April 22, 2009: summarized from Promo -- The good news is that people are joining loyalty programs in pretty big numbers, seeking added value in a tough economy. The bad news is that activity remains flat with two years ago. The take away: marketers need to shift focus from growing membership to increasing the value of the programs.
Membership in U.S. loyalty rewards programs jumped 24% to 1.8 billion, from 1.3 billion two years ago, according to the 2009 Colloquy Loyalty Census.
The average U.S. household signed up for 14.1 loyalty programs, but actively participates in only 6.2. The corresponding numbers in 2007 were 12 and 4.7.
The number of active memberships-a member with at least one instance of activity in a 12-month period-is 792.8 million or 43.8%, compared to 39.5% in 2007.

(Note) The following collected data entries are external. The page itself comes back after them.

theorem theorem5:
  fixes f G :: "real \<Rightarrow> real"
    and K n :: nat
    and W :: "'x::finite \<Rightarrow> 'y::finite \<Rightarrow> real"
    and enc :: "nat \<Rightarrow> nat \<Rightarrow> 'x"
    and dec :: "(nat \<Rightarrow> 'y) \<Rightarrow> nat"
    and \<epsilon> :: real
  assumes f_convex: "convex_on {0..} f" and f1: "f 1 = 0"
    and G_mono: "mono_on {0..} G" and G_convex: "convex_on {0..} G" and G0: "G 0 = 0"
    and subadd: "info_subadditive G f"
    and K: "K \<ge> 2"
    and W: "\<forall>x. is_dist UNIV (W x)"
    and dec_range: "\<forall>y\<in>PiE {..<n} (\<lambda>_. UNIV). dec y \<in> {1..K}"
    and err: "\<epsilon> = (1 / real K) * (\<Sum>m\<in>{1..K}. \<Sum>y\<in>PiE {..<n} (\<lambda>_. UNIV).
                 (\<Prod>i<n. W (enc m i) (y i)) * (if dec y \<noteq> m then 1 else 0))"
  shows "real n \<ge>
    G (1 / real K * f (real K * (1 - \<epsilon>))
       + (real K - 1) / real K * f (real K * \<epsilon> / (real K - 1)))
    / (SUP pX\<in>{p. is_dist UNIV p}. igf G f UNIV pX UNIV W)"
proof -
  interpret igf_setting f G using f_convex f1 G_mono G0 by unfold_locales
  let ?u = "\<lambda>_::nat. 1 / real K"
  define C where "C = (SUP pX\<in>{p. is_dist UNIV p}. igf G f UNIV pX UNIV W)"
  have u: "is_dist {1..K} ?u" using K by (simp add: is_dist_def)
  have letter: "0 \<le> igf G f {1..K} ?u UNIV (\<lambda>m. W (enc m i))"
    "igf G f {1..K} ?u UNIV (\<lambda>m. W (enc m i)) \<le> C" for i
    using igf_encoded_le_capacity[OF W[rule_format] finite_atLeastAtMost u, where g = "\<lambda>m. enc m i"]
    unfolding C_def by simp_all
  have "G (error_fdiv f K \<epsilon>)
      \<le> igf G f {1..K} ?u ({..<n} \<rightarrow>\<^sub>E UNIV) (\<lambda>m y. \<Prod>i<n. W (enc m i) (y i))"
  proof (rule error_fdiv_le_igf[OF G_convex K _ _ _ err])
    show "is_dist ({..<n} \<rightarrow>\<^sub>E UNIV) (\<lambda>y. \<Prod>i<n. W (enc m i) (y i))" for m
      by (rule is_dist_product_channel) (use W in blast)
  qed (use dec_range in \<open>auto simp: finite_PiE\<close>)
  also have "\<dots> \<le> (\<Sum>i<n. igf G f {1..K} ?u UNIV (\<lambda>m. W (enc m i)))"
    by (rule igf_product_channel_le_sum[OF subadd finite_atLeastAtMost u]) (use W in blast)
  also have "\<dots> \<le> real n * C"
    using sum_mono[of "{..<n}" _ "\<lambda>_. C"] letter by simp
  finally have "G (error_fdiv f K \<epsilon>) \<le> real n * C" .
  moreover have "0 \<le> C" using letter[of 0] by linarith
  \<comment> \<open>if C = 0 the bound reads n \<ge> 0, since x / 0 = 0\<close>
  ultimately show ?thesis
    unfolding C_def[symmetric] error_fdiv_def[symmetric] by (cases "C = 0") (auto simp: divide_le_eq)
qed

end
lemma strictly_diag_dominant_shift_mat:
  fixes A :: "'g::linordered_ab_group_add smat"
  assumes tpd: "TPD n A"
  shows "strictly_diag_dominant n (shift_mat \<gamma> A)"
  unfolding strictly_diag_dominant_def
proof (intro conjI ballI impI)
  have diag: "shift_mat \<gamma> A a a \<noteq> 0 \<and> md (A a a) \<le> md (shift_mat \<gamma> A a a)" if a: "a \<in> {1..n}" for a
  proof -
    obtain g where "A a a = Pos g"
      by (rule TPD_diag_Pos[OF tpd a])
    then show ?thesis
      by (simp add: shift_mat_def sminus_Pos_neq_zero_md_ge)
  qed
  show "shift_mat \<gamma> A a a \<noteq> 0" if "a \<in> {1..n}" for a
    using diag that by blast
  fix a b assume ab: "a \<in> {1..n}" "b \<in> {1..n}" "a \<noteq> b"
  have off: "shift_mat \<gamma> A a b = sneg (A a b)"
    using ab by (simp add: shift_mat_def sminus_def)
  have "md (A a a) + md (A b b) \<le> md (shift_mat \<gamma> A a a) + md (shift_mat \<gamma> A b b)"
    using diag ab by (simp add: add_mono)
  then show "shift_mat \<gamma> A a b = 0 \<or> md (shift_mat \<gamma> A a b) + md (shift_mat \<gamma> A a b)
      < md (shift_mat \<gamma> A a a) + md (shift_mat \<gamma> A b b)"
    using TPD_off_diag_less[OF tpd ab] unfolding off
    by (cases "A a b") (auto simp: zero_smax_def)
qed

lemma balanced_shift_mat_diag_iff:
  assumes tpd: "TPD n A" and j: "j \<in> {1..n}" and k: "k \<in> {1..n}"
  shows "balanced (shift_mat (A k k) A j j) \<longleftrightarrow> A j j = A k k"
proof -
  obtain g\<^sub>j where "A j j = Pos g\<^sub>j"
    by (rule TPD_diag_Pos[OF tpd j])
  moreover obtain g\<^sub>k where "A k k = Pos g\<^sub>k"
    by (rule TPD_diag_Pos[OF tpd k])
  ultimately show ?thesis
    by (auto simp: shift_mat_def balanced_sminus_Pos_iff)
qed

lemma simple_eig_iff:
  assumes "k \<in> {1..n}"
  shows "simple_eig n A k \<longleftrightarrow> (\<forall>j\<in>{1..n} - {k}. A j j \<noteq> A k k)"
proof -
  let ?S = "{i\<in>{1..n}. A i i = A k k}"
  have "k \<in> ?S"
    using assms by simp
  have "card ?S = 1 \<longleftrightarrow> ?S = {k}"
  proof
    assume "card ?S = 1"
    then obtain x where x: "?S = {x}"
      by (rule card_1_singletonE)
    have "k = x"
      using \<open>k \<in> ?S\<close> unfolding x by simp
    then show "?S = {k}"
      using x by simp
  qed simp
  then show ?thesis
    unfolding simple_eig_def using assms by blast
qed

The top five U.S. loyalty program market sectors represent 63% of total U.S. loyalty program memberships. Memberships ranked by industry are as follows (in millions):
- Financial Services 422.0
- Airline 277.4
- Specialty Retail 191.3
- Hotel 161.8
- Grocery 153.3
- Mass Merchants 124.8
- Gaming 106.0
- Department Stores 92.8
- Drug Stores 73.9
- Fuel Convenience 51.2
- Restaurant 13.7
- Car Rental and Cruises 10.7
- Other 127.9
Financial services took over the top spot from airlines, after seeing a 77% increase in credit and debit reward card program memberships in just two years. The growth was fueled by the dramatic expansion in consumer credit.
The 2009 census is based on information from Colloquy's archives, program Web sites, sponsor-company press releases, annual report filings, third party publications and research reports.